À bien des égards, cette tétrade n'était pas plus grosse que les personnes directement impliquées. Pourtant, la querelle illustre également ce que l'auteur et spécialiste de la cuisine de l'âme, Adrian Miller, décrit comme une «rivalité durable» entre la cuisine afro-américaine et française dans la résidence présidentielle..
Les premiers chefs de la Maison-Blanche, bien avant qu'un terme comme «chef de cuisine» n'y soit mentionné, étaient les esclaves des présidents. Plus tard, à la suite de la guerre civile, de nombreux Afro-Américains libres se sont rendus à Washington, DC, où la cuisine était un travail respectable et bien rémunéré qui n'exigeait pas d'éducation formelle. Comme le précise Miller dans son livre L'armoire de cuisine du président: l'histoire des Afro-Américains qui ont nourri nos premières familles, des Washingtons aux Obamas, L'histoire de la cuisine présidentielle n'est pas seulement incomplète si elle ne reconnaît pas le rôle et l'impact des chefs afro-américains. Son histoire n'existe pas sans reconnaître leur présence centrale et durable.
L'héritage de Zephyr Wright est l'un des plus durables de la cuisine de la Maison Blanche. Contrairement à Verdon, les débuts de Wright n’ont pas fait la une du New York Times. Julia Child n'a jamais mentionné l'influence de Wright. Et les côtes levées parfaitement cuites n'étaient pas considérées comme l'avant-garde de la cuisine américaine. Mais le public américain était toujours intéressé.
Dans un entretien de 1963 avec Temps, Lady Bird Johnson a parlé avec affection de Zephyr et de son «savoir-faire» avec du pain à la cuillère, des glaces artisanales et des petits déjeuners monumentaux dominicaux composés de saucisse de cerf, de bacon salé maison, de pop-overs, de gruau, d'œufs brouillés, de conserves de pêche faites maison et de café. " Pedernales River Chili est probablement sa plus célèbre «recette de famille» élaborée pour les Johnsons. (Plutôt que du bœuf, LBJ préférait son chili au venaison.) Nommé en l'honneur de LBJ's Hill Country Ranch, le chili con carne de Wright est devenu assez célèbre pour que Lady Bird l'ait imprimée sur des fiches de recettes qu'elle a postées aux nombreux Américains qui lui avaient écrit ce message..
Cependant, le travail le plus important que Wright ait réalisé pour le public était d'une nature différente, l'une centrée sur les violations urgentes des droits civils par les Afro-Américains.

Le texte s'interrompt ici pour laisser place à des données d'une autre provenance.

lemma not_connected_to_two:
  assumes r: "4 \<le> r" and ind: "indep_Gnr1 n r A" and A0A: "A0 \<subseteq> A"
    and x: "x \<in> {1..n} - \<Union>A0" "x \<notin> P_of n A A0"
    and uw: "u \<in> A0" "w \<in> A0" "u \<noteq> w"
    and conn: "connected_to n r A A0 x u" "connected_to n r A A0 x w"
  shows False
proof -
  define M where "M = (if 5 \<le> r then n choose (r - 5) else 0)"
  define T where "T z = {v \<in> A1_of A A0. x \<in> v \<and> v \<inter> z \<noteq> {}}" for z
  define Y where "Y = {1..n} - \<Union>A0 - {x}"
  have Ars: "A \<subseteq> rsets n r"
    using ind by (simp add: indep_Gnr1_def)
  have T_rsets: "T z \<subseteq> rsets n r" for z
    using Ars by (auto simp: T_def A1_of_def)
  have common: "\<exists>y\<in>Y. y \<in> t \<and> y \<in> t'" if "t \<in> T u" "t' \<in> T w" for t t'
  proof -
    have t: "t \<in> A1_of A A0" "x \<in> t" "t \<inter> u \<noteq> {}"
      and t': "t' \<in> A1_of A A0" "x \<in> t'" "t' \<inter> w \<noteq> {}"
      using that by (auto simp: T_def)
    have "t \<noteq> t'"
      using A1_of_meets_unique[OF t'(1) uw(1,2)] t(3) t'(3) uw(3) by auto
    then have "2 \<le> card (t \<inter> t')"
      using indep_Gnr1_card_Int_ge_2[OF ind] t t' by (auto simp: A1_of_def)
    then obtain y where y: "y \<in> t \<inter> t'" "y \<noteq> x"
      using card_ge_2_ex_neq[of "t \<inter> t'" x] by blast
    have "y \<notin> \<Union>A0"
    proof
      assume "y \<in> \<Union>A0"
      then obtain v where "v \<in> A0" "y \<in> v"
        by blast
      then have "v = u" "v = w"
        using A1_of_meets_unique[OF t(1) _ uw(1)] A1_of_meets_unique[OF t'(1) _ uw(2)] t(3) t'(3) y(1)
        by blast+
      with uw(3) show False
        by simp
    qed
    moreover have "y \<in> {1..n}"
      using T_rsets that(1) y(1) rsets_memD(3) by blast
    ultimately show ?thesis
      using y by (auto simp: Y_def)
  qed
  have sparse: "card {t \<in> T u. y \<in> t} \<le> r ^ 3 * M \<or> card {t \<in> T w. y \<in> t} \<le> r ^ 3 * M"
    if "y \<in> Y" for y
  proof -
    have y: "y \<in> {1..n} - \<Union>A0" "x \<noteq> y"
      using that by (auto simp: Y_def)
    then obtain s where s: "s \<in> A1_of A A0" "card (s \<inter> {x, y}) = 1"
      using x by (auto simp: P_of_def joint_def)
    have bound: "card {t \<in> T z. y \<in> t} \<le> r ^ 3 * M" if z: "z \<in> A0" "s \<inter> z = {}" for z
    proof -
      have "z \<in> A" "s \<in> A" "x \<notin> z" "y \<notin> z"
        using z(1) s(1) A0A x(1) y(1) by (auto simp: A1_of_def)
      have "finite {t \<in> A. {x, y} \<subseteq> t \<and> t \<inter> z \<noteq> {}}"
        by (rule finite_subset[OF _ finite_rsets[of n r]]) (use Ars in blast)
      moreover have "{t \<in> T z. y \<in> t} \<subseteq> {t \<in> A. {x, y} \<subseteq> t \<and> t \<inter> z \<noteq> {}}"
        by (auto simp: T_def A1_of_def)
      ultimately have "card {t \<in> T z. y \<in> t} \<le> card {t \<in> A. {x, y} \<subseteq> t \<and> t \<inter> z \<noteq> {}}"
        by (rule card_mono)
      also have "\<dots> \<le> r ^ 3 * M"
        unfolding M_def
        by (rule card_supersets_through_pair_le) (use ind \<open>z \<in> A\<close> \<open>s \<in> A\<close> \<open>x \<notin> z\<close> \<open>y \<notin> z\<close> y(2) s(2) z(2) in auto)
      finally show ?thesis .
    qed
    have "s \<inter> u = {} \<or> s \<inter> w = {}"
      using A1_of_meets_unique[OF s(1) uw(1,2)] uw(3) by blast
    then show ?thesis
      using bound uw(1,2) by blast
  qed
  have product_le: "card (T u) * card (T w) \<le> r ^ 3 * M * r * (card (T u) + card (T w))"
  proof (rule card_times_le_via_common_points[OF _ _ _ _ common sparse])
    show "finite (T u)" "finite (T w)"
      using finite_subset[OF T_rsets finite_rsets] by blast+
    show "finite Y"
      by (simp add: Y_def)
    show "finite v \<and> card v \<le> r" if "v \<in> T u \<union> T w" for v
      using that T_rsets rsets_memD(1,2) by blast
  qed
  have "r \<le> n"
  proof -
    have "u \<in> rsets n r"
      using uw(1) A0A Ars by blast
    then show ?thesis
      using card_mono[of "{1..n}" u] rsets_memD(2,3) by fastforce
  qed
  then have "2 * (r ^ 3 * M * r) < omega r n"
    unfolding M_def by (rule twice_r4_bound_less_omega[OF r])
  moreover have "omega r n \<le> card (T u)" "omega r n \<le> card (T w)"
    using conn by (simp_all add: connected_to_def T_def)
  ultimately have "r ^ 3 * M * r * (card (T u) + card (T w)) < card (T u) * card (T w)"
    by (intro mult_add_less_mult) linarith+
  with product_le show False
    by linarith
qed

Un responsable gouvernemental des années 1960 se souvenait d'avoir assisté à un déjeuner fastidieux chez les Johnson avant de devenir président. Lorsque Johnson a ordonné à Wright de se rendre à Austin, au Texas, avec son mari, elle lui a dit non: «Quand [nous] conduisons au Texas et que je dois aller aux toilettes, comme Lady Bird ou les filles, je ne suis pas autorisé à aller à la salle de bain. Je dois trouver un buisson et m'accroupir. Quand vient le temps de manger, nous ne pouvons pas aller dans les restaurants. Nous devons manger dans un sac brun. Et la nuit, Sammy dort à l'avant de la voiture, le volant autour du cou, pendant que je dors à l'arrière. Nous n'allons pas recommencer. »En réponse, Johnson sortit de la pièce..
Plusieurs années plus tard, le 2 juillet 1964, Lyndon Johnson a signé la loi sur les droits civils. Il a donné le stylo qu'il utilisait pour le signer à Zephyr Wright, lui disant qu'elle "le méritait plus que quiconque". Beaucoup pensent que Wright lui a expliqué la réalité du racisme et, comme le note Miller, Johnson a cité des exemples de le racisme Wright a fait face pour faire pression pour le projet de loi. Elle a profité de sa proximité avec la puissante famille pour rendre son expérience d'inégalité lisible et humaine. En tant que femme responsable de leur table, elle avait cette capacité.